Вдруг я услышал шепот Пайла:
– Томас! Томас!
Он быстро научился красться в темноте: я не слышал, как он вернулся.
– Уходите, – прошептал я в ответ.
Он нашел меня и растянулся рядом.
– Почему вы не пришли? Вы ранены?
– Нога. Кажется, сломана.
– Пуля?
– Нет. Полено. Камень. Что-то упало с вышки. Кровь не течет.
– Возьмите себя в руки. Пойдемте.
– Уходите, Пайл. Ничего я не хочу делать, мне слишком больно.
– Какая нога?
– Левая.
Он подполз ко мне с другой стороны и перекинул мою руку себе через плечо. Мне хотелось захныкать, как мальчику на вышке, а потом я разозлился, но трудно было выразить зло шепотом.
– Идите к дьяволу, Пайл, не троньте меня. Я хочу остаться здесь.
– Нельзя.
Он подтащил меня к себе на плечо, и боль стала невыносимой.
– Не разыгрывайте героя. Я не пойду.
– Вы должны мне помочь, – сказал он, – или нас поймают обоих.
– Вы…
– Тише, не то они услышат.
Я плакал, скажу без прикрас, но только от досады. Я повис на нем, болтая левой ногой; мы двигались неловко, как участники шутовского бега на трех ногах, и у нас бы не было ни малейшего шанса спастись, если бы в тот миг, когда мы пустились в путь, где-то по дороге к следующей вышке не застучали короткие, частые очереди автомата; может, к нам пробивался патруль, а может, это они доводили до трех свой счет разрушенных вышек. Автомат заглушил звуки нашего медленного, неуклюжего бегства.
Не знаю, был ли я все время в сознании; думаю, что последние двадцать метров Пайл нес меня на себе. Он сказал:
– Осторожно. Мы уже в поле.
Сухие стебли риса шелестели вокруг нас, а жижа хлюпала и пучилась под ногами. Когда Пайл остановился, вода доходила нам до пояса. Он тяжело и прерывисто дышал, издавая низкие квакающие звуки.

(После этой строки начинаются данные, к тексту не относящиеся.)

(* Let $T:l_\infty\to l_\infty$ be a continuous positive linear map with adjoint $T^*$. Then the set $\Delta(T^* )=\{p\in\Delta: p\text{ is an eigenvector of }T^*\}$ is nonempty and weak$^\star$-closed.
   Context: $l_\infty$: real bounded sequences indexed by $\mathbb N$ with sup norm. $ba(\mathbb N)$: norm dual of $l_\infty$ (bounded finitely additive signed measures on $2^{\mathbb N}$), pairing $\langle x,\mu\rangle$, weak$^\star$ topology. The adjoint $T^*:ba(\mathbb N)\to ba(\mathbb N)$ is defined by $\langle x,T^*(\mu)\rangle=\langle T(x),\mu\rangle$ for all $x,\mu$. $\Delta$ is the set of finitely additive probability measures on $2^{\mathbb N}$, i.e. $\mu\in ba(\mathbb N)$ with $\mu\ge0$ and $\mu(\mathbb N)=1$. An eigenvector of $T^*$ is a nonzero $\mu\in ba(\mathbb N)$ such that $T^*(\mu)=\lambda\mu$ for some $\lambda\in\mathbb R$. *)

theory Defs
  imports "HOL-Analysis.Analysis"
begin

text \<open>l_infinity: bounded real sequences with sup norm, realised as bounded continuous
  functions on the discrete space nat.  Its norm dual ba(N) is the type of bounded
  linear functionals on it.\<close>

type_synonym linf = "nat \<Rightarrow>\<^sub>C real"
type_synonym ba = "linf \<Rightarrow>\<^sub>L real"

definition ind :: "nat set \<Rightarrow> linf" where
  "ind A = Bcontfun (indicator A)"

definition ba_measure :: "ba \<Rightarrow> nat set \<Rightarrow> real" where
  "ba_measure \<mu> A = blinfun_apply \<mu> (ind A)"

definition adjoint_op :: "(linf \<Rightarrow>\<^sub>L linf) \<Rightarrow> ba \<Rightarrow> ba" where
  "adjoint_op T \<mu> = \<mu> o\<^sub>L T"

definition positive_op :: "(linf \<Rightarrow>\<^sub>L linf) \<Rightarrow> bool" where
  "positive_op T \<longleftrightarrow>
     (\<forall>x. (\<forall>n. 0 \<le> apply_bcontfun x n) \<longrightarrow> (\<forall>n. 0 \<le> apply_bcontfun (blinfun_apply T x) n))"

definition Delta :: "ba set" where
  "Delta = {\<mu>. (\<forall>A. 0 \<le> ba_measure \<mu> A) \<and> ba_measure \<mu> UNIV = 1}"

definition eigenvector_of :: "(ba \<Rightarrow> ba) \<Rightarrow> ba \<Rightarrow> bool" where
  "eigenvector_of S \<mu> \<longleftrightarrow> \<mu> \<noteq> 0 \<and> (\<exists>c::real. S \<mu> = c *\<^sub>R \<mu>)"

definition Delta_eig :: "(linf \<Rightarrow>\<^sub>L linf) \<Rightarrow> ba set" where
  "Delta_eig T = {p \<in> Delta. eigenvector_of (adjoint_op T) p}"

definition weak_star_topology :: "ba topology" where
  "weak_star_topology =
     pullback_topology UNIV (\<lambda>\<mu> x. blinfun_apply \<mu> x) (product_topology (\<lambda>_. euclideanreal) UNIV)"

end

theory Submission
  imports Defs
begin

text \<open>
  A positive operator is dominated by its values on the constant sequence 1:
  \<open>|T^k x| \<le> \<parallel>x\<parallel> T^k 1\<close>. Let r be the infimum of those \<open>\<mu> > 0\<close> for which the Neumann
  sums \<open>\<Sum>k<N. T^k 1 / \<mu>^k\<close> are bounded uniformly in N and in the coordinate. If they
  stayed bounded at r itself, positivity would give \<open>T^k 1 = O(q^k)\<close> for some \<open>q < r\<close>,
  contradicting minimality; so for \<open>\<mu>\<close> just above r they become arbitrarily large at some
  coordinate m. Normalising \<open>x \<mapsto> (\<Sum>k<N. T^k x / \<mu>^k)(m)\<close> by its value at 1 then gives
  positive functionals \<open>\<psi>\<close> with \<open>\<psi>(1) = 1\<close> and \<open>|\<psi>(Tx) - r \<psi>(x)| \<le> \<epsilon> \<parallel>x\<parallel>\<close> for
  arbitrarily small \<open>\<epsilon>\<close>. These sets of approximate eigenstates are closed and nested inside
  the compact product of the intervals \<open>[-\<parallel>x\<parallel>, \<parallel>x\<parallel>]\<close>, so they share a point: an element
  of Delta that is an eigenvector of the adjoint with eigenvalue r. Weak-star closedness holds
  because \<open>p \<in> Delta\<close> is an eigenvector iff \<open>p(Tx) = p(T1) p(x)\<close> for all x, a family of
  weak-star closed conditions.
\<close>

lemma ind_apply [simp]: "ind A n = indicator A n"
proof -
  have "(indicator A :: nat \<Rightarrow> real) \<in> bcontfun"
    by (rule bcontfun_normI[where b=1]) (auto simp: indicator_def)
  then show ?thesis by (simp add: ind_def Bcontfun_inverse)
qed

lemma apply_bcontfun_sum: "apply_bcontfun (sum f A) n = (\<Sum>a\<in>A. apply_bcontfun (f a) n)"
  for f :: "'a \<Rightarrow> ('b::topological_space \<Rightarrow>\<^sub>C 'c::real_normed_vector)"
  by (induction A rule: infinite_finite_induct) auto

lemma abs_apply_le_norm: "\<bar>apply_bcontfun x n\<bar> \<le> norm x"
  for x :: "'a::topological_space \<Rightarrow>\<^sub>C real"
  using norm_bounded[of x n] by simp

definition one_seq :: linf where "one_seq = ind UNIV"

lemma one_seq_apply [simp]: "one_seq n = 1"
  by (simp add: one_seq_def)

definition nonneg :: "linf \<Rightarrow> bool" where
  "nonneg x \<longleftrightarrow> (\<forall>n. 0 \<le> x n)"

lemma positive_op_iff: "positive_op T \<longleftrightarrow> (\<forall>x. nonneg x \<longrightarrow> nonneg (T x))"
  by (simp add: positive_op_def nonneg_def)

section \<open>Weak-star closedness\<close>

lemma topspace_weak_star_topology [simp]: "topspace weak_star_topology = UNIV"
  by (simp add: weak_star_topology_def topspace_pullback_topology)

lemma continuous_map_weak_star_apply:
  "continuous_map weak_star_topology euclideanreal (\<lambda>p. blinfun_apply p x)"
proof -
  have "continuous_map weak_star_topology euclideanreal ((\<lambda>f. f x) \<circ> blinfun_apply)"
    unfolding weak_star_topology_def
    by (intro continuous_map_pullback continuous_map_product_projection) simp
  then show ?thesis by (simp add: o_def)
qed

lemma mem_Delta_iff: "p \<in> Delta \<longleftrightarrow> (\<forall>A. 0 \<le> p (ind A)) \<and> p one_seq = 1"
  unfolding Delta_def ba_measure_def one_seq_def by (rule mem_Collect_eq)

lemma Delta_eig_eq:
  "Delta_eig T = {p \<in> Delta. \<forall>x. p (T x) = p (T one_seq) * p x}"
proof (intro set_eqI iffI)
  fix p assume "p \<in> Delta_eig T"
  then obtain c where D: "p \<in> Delta" and c: "p o\<^sub>L T = c *\<^sub>R p"
    by (auto simp: Delta_eig_def eigenvector_of_def adjoint_op_def)
  have "p (T x) = c * p x" for x
    using arg_cong[OF c, of "\<lambda>f. f x"] by (simp add: scaleR_blinfun.rep_eq)
  moreover have "p one_seq = 1" using D by (simp add: mem_Delta_iff)
  ultimately show "p \<in> {p \<in> Delta. \<forall>x. p (T x) = p (T one_seq) * p x}"
    using D by simp
next
  fix p assume "p \<in> {p \<in> Delta. \<forall>x. p (T x) = p (T one_seq) * p x}"
  then have D: "p \<in> Delta" and ev: "\<And>x. p (T x) = p (T one_seq) * p x"
    unfolding mem_Collect_eq by blast+
  have "p o\<^sub>L T = p (T one_seq) *\<^sub>R p"
  proof (rule blinfun_eqI)
    show "(p o\<^sub>L T) x = (p (T one_seq) *\<^sub>R p) x" for x
      using ev[of x] by (simp add: scaleR_blinfun.rep_eq)
  qed
  moreover have "p \<noteq> 0" using D by (auto simp: mem_Delta_iff)
  ultimately show "p \<in> Delta_eig T"
    using D by (auto simp: Delta_eig_def eigenvector_of_def adjoint_op_def)
qed

lemma closedin_Delta_eig: "closedin weak_star_topology (Delta_eig T)"
proof -
  let ?W = weak_star_topology
  have pos: "closedin ?W {p :: ba. 0 \<le> p (ind A)}" for A
    using closedin_continuous_map_preimage[OF continuous_map_weak_star_apply, of "{0..}"] by simp
  have unit: "closedin ?W {p :: ba. p one_seq = 1}"
    using closedin_continuous_map_preimage[OF continuous_map_weak_star_apply, of "{1}"] by simp
  have eig: "closedin ?W {p :: ba. p (T x) = p (T one_seq) * p x}" for x
    using closedin_continuous_maps_eq[OF Hausdorff_space_euclidean continuous_map_weak_star_apply
        continuous_map_real_mult[OF continuous_map_weak_star_apply continuous_map_weak_star_apply]]
    by simp
  have "Delta_eig T = (\<Inter>A. {p :: ba. 0 \<le> p (ind A)}) \<inter> {p :: ba. p one_seq = 1} \<inter>
      (\<Inter>x. {p :: ba. p (T x) = p (T one_seq) * p x})"
    unfolding Delta_eig_eq mem_Delta_iff by blast
  then show ?thesis
    by (simp only:) (intro closedin_Int closedin_INT pos unit eig; simp)
qed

– Простите, что доставил столько хлопот, – сказал я.
– Я не мог вас бросить, – объяснил Пайл.
Сперва я почувствовал облегчение: вода и жидкая глина держали мою ногу нежно и крепко, как перевязка; но скоро мы стали стучать зубами от холода. Я подумал, миновала ли уже полночь; мы могли проторчать тут часов шесть, если вьетминцы нас не найдут.

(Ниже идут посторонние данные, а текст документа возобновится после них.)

lemma lambda_star_mult_Lpp_le:
  assumes p: "0 < p" and u: "u \<in> Wsp \<Omega> p s \<phi>"
  shows "lambda_star \<Omega> p s \<phi> * Lpp \<Omega> p u \<le> Xnorm p s u powr p"
proof (cases "Lpp \<Omega> p u = 0")
  case False
  define L where "L = Lpp \<Omega> p u"
  define c where "c = L powr (-1 / p)"
  have L: "0 < L" using False Lpp_nonneg[of \<Omega> p u] by (simp add: L_def)
  have c: "0 < c" using L by (simp add: c_def)
  have "c powr p = L powr (-1 / p * p)"
    unfolding c_def powr_powr ..
  then have cp: "c powr p = 1 / L"
    using L p by (simp add: powr_minus_divide)
  have u_borel: "u \<in> borel_measurable lborel" and uX: "u \<in> Xps \<Omega> p s" and uA: "Aop p s \<phi> u = 0"
    using u by (auto simp: Wsp_def Xps_def)
  have "(\<lambda>x. c * u x) \<in> Wsp \<Omega> p s \<phi>"
    using Xps_cmult[OF uX c] uA by (simp add: Wsp_def Aop_cmult)
  moreover have "Lpp \<Omega> p (\<lambda>x. c * u x) = 1"
    using c cp L by (simp add: Lpp_cmult L_def)
  ultimately have "lambda_star \<Omega> p s \<phi> \<le> Xnorm p s (\<lambda>x. c * u x) powr p"
    unfolding lambda_star_def by (intro cInf_lower bdd_belowI[of _ 0]) auto
  also have "\<dots> = Xnorm p s u powr p / L"
    using p c cp L u_borel by (simp add: Xnorm_powr gagliardo_cmult enn2real_mult)
  finally show ?thesis using L by (simp add: L_def field_simps)
qed simp

lemma lambda1_nonneg:
  assumes "first_eigenfunction \<Omega> p s \<phi>"
  shows "0 \<le> lambda1 \<Omega> p s"
  unfolding lambda1_def
proof (rule cInf_greatest)
  show "{Xnorm p s u powr p |u. u \<in> Xps \<Omega> p s \<and> Lpp \<Omega> p u = 1} \<noteq> {}"
    using assms by (auto simp: first_eigenfunction_def)
qed auto

lemma Ifun_ge_on_Wsp:
  fixes \<Omega> :: "'a::euclidean_space set" and p s q lam a b C :: real
  assumes p: "0 < p" and "0 \<le> lam" "0 \<le> q" "0 \<le> a" "0 \<le> b" "0 \<le> crit_exp TYPE('a) p s"
    and \<lambda>: "0 < lambda_star \<Omega> p s \<phi>" and u: "u \<in> Wsp \<Omega> p s \<phi>"
    and sobolev: "(LINT x:\<Omega>|lborel. max (u x) 0 powr crit_exp TYPE('a) p s) \<le> C * Xnorm p s u powr crit_exp TYPE('a) p s"
  shows "(1 - a / lambda_star \<Omega> p s \<phi>) / p * Xnorm p s u powr p
      - b / crit_exp TYPE('a) p s * C * Xnorm p s u powr crit_exp TYPE('a) p s \<le> Ifun \<Omega> p s q lam a b u"
proof -
  define X where "X = Xnorm p s u powr p"
  have "0 \<le> lam / q * (LINT x:\<Omega>|lborel. \<bar>u x\<bar> powr q)"
    unfolding set_lebesgue_integral_def using assms by (intro mult_nonneg_nonneg integral_nonneg_AE) auto
  moreover have "a / p * Lpp \<Omega> p u \<le> a / p * (X / lambda_star \<Omega> p s \<phi>)"
    using lambda_star_mult_Lpp_le[OF p u] \<lambda> assms by (intro mult_left_mono) (simp_all add: X_def field_simps)
  moreover have "b / crit_exp TYPE('a) p s * (LINT x:\<Omega>|lborel. max (u x) 0 powr crit_exp TYPE('a) p s)
      \<le> b / crit_exp TYPE('a) p s * (C * Xnorm p s u powr crit_exp TYPE('a) p s)"
    using sobolev assms by (intro mult_left_mono) auto
  moreover have "(1 - a / lambda_star \<Omega> p s \<phi>) / p * X = X / p - a / p * (X / lambda_star \<Omega> p s \<phi>)"
    using p \<lambda> by (simp add: field_simps)
  moreover have "Ifun \<Omega> p s q lam a b u = X / p + lam / q * (LINT x:\<Omega>|lborel. \<bar>u x\<bar> powr q) - a / p * Lpp \<Omega> p u
      - b / crit_exp TYPE('a) p s * (LINT x:\<Omega>|lborel. max (u x) 0 powr crit_exp TYPE('a) p s)"
    by (simp add: Ifun_def Lpp_def X_def)
  ultimately show ?thesis
    unfolding X_def by (simp add: mult.assoc)
qed

lemma exists_pos_powr_less:
  fixes c0 c1 p e :: real
  assumes "0 < c0" "0 \<le> c1" "p < e"
  shows "\<exists>\<rho>>0. c1 * \<rho> powr e < c0 * \<rho> powr p"
proof -
  define \<rho> where "\<rho> = (c0 / (c1 + 1)) powr (1 / (e - p))"
  have \<rho>: "0 < \<rho>" using assms by (simp add: \<rho>_def)
  have "\<rho> powr (e - p) = c0 / (c1 + 1)"
    using assms by (simp add: \<rho>_def powr_powr)
  then have "c1 * \<rho> powr e = c1 * c0 / (c1 + 1) * \<rho> powr p"
    using \<rho> by (simp add: powr_diff field_simps)
  also have "\<dots> < c0 * \<rho> powr p"
    using assms \<rho> by (intro mult_strict_right_mono) (simp_all add: field_simps)
  finally show ?thesis using \<rho> by blast
qed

– Вы можете не опираться на меня хотя бы минутку? – спросил Пайл.
Я снова почувствовал слепое раздражение, – для него не было никакого оправдания, кроме боли. Разве я просил, чтобы меня спасали или оттягивали смерть ценой таких мучений?
Я с тоской думал о своем ложе на твердой сухой земле, стоя, как журавль, на одной ноге и пытаясь облегчить Пайлу тяжесть моего тела; когда я шевелился, стебли риса щекотали, кололи меня и шуршали.
– Вы спасли мне жизнь там, – сказал я, а когда Пайл откашлялся, чтобы ответить с подобающей скромностью, я закончил фразу: – чтобы я подох здесь. Я предпочел бы умереть на суше.
– Не надо разговаривать, – ответил мне Пайл, как больному. – Давайте беречь силы.
– Какой черт вас просил спасать мне жизнь? Я поехал на Восток, чтобы меня убили. Вечное ваше нахальство…
Я пошатнулся, и Пайл обвил моей рукой свою шею.
– Не напрягайтесь, – сказал он.
– Вы насмотрелись кинофильмов про войну. Мы не десантники, и ордена вам все равно не дадут.
– Ш-ш!
Послышались шаги, приближавшиеся к краю поля; автомат на дороге смолк, и теперь были слышны лишь эти шаги да тихий шелест риса, когда мы дышали. Потом шаги смолкли; казалось, они смолкли где-то совсем рядом. Я почувствовал руку Пайла на своем здоровом боку, – она тихонько прижимала меня книзу; мы очень медленно погружались в грязь, чтобы не зашелестели рисовые стебли. Стоя на одном колене и запрокинув голову назад, я с трудом мог держать рот над водой. Боль вернулась, и я думал: "Если я потеряю сознание, я утону". Я всегда мучительно боялся утонуть. Почему человек не сам выбирает себе смерть? Не было слышно ни звука; а что если в каких-нибудь десяти метрах они ждут, чтобы мы шелохнулись, кашлянули, чихнули?.. "О господи, – подумал я, – сейчас я чихну". Если бы Пайл оставил меня в покое, – я отвечал бы только за свою жизнь, а не за его… а он хочет жить.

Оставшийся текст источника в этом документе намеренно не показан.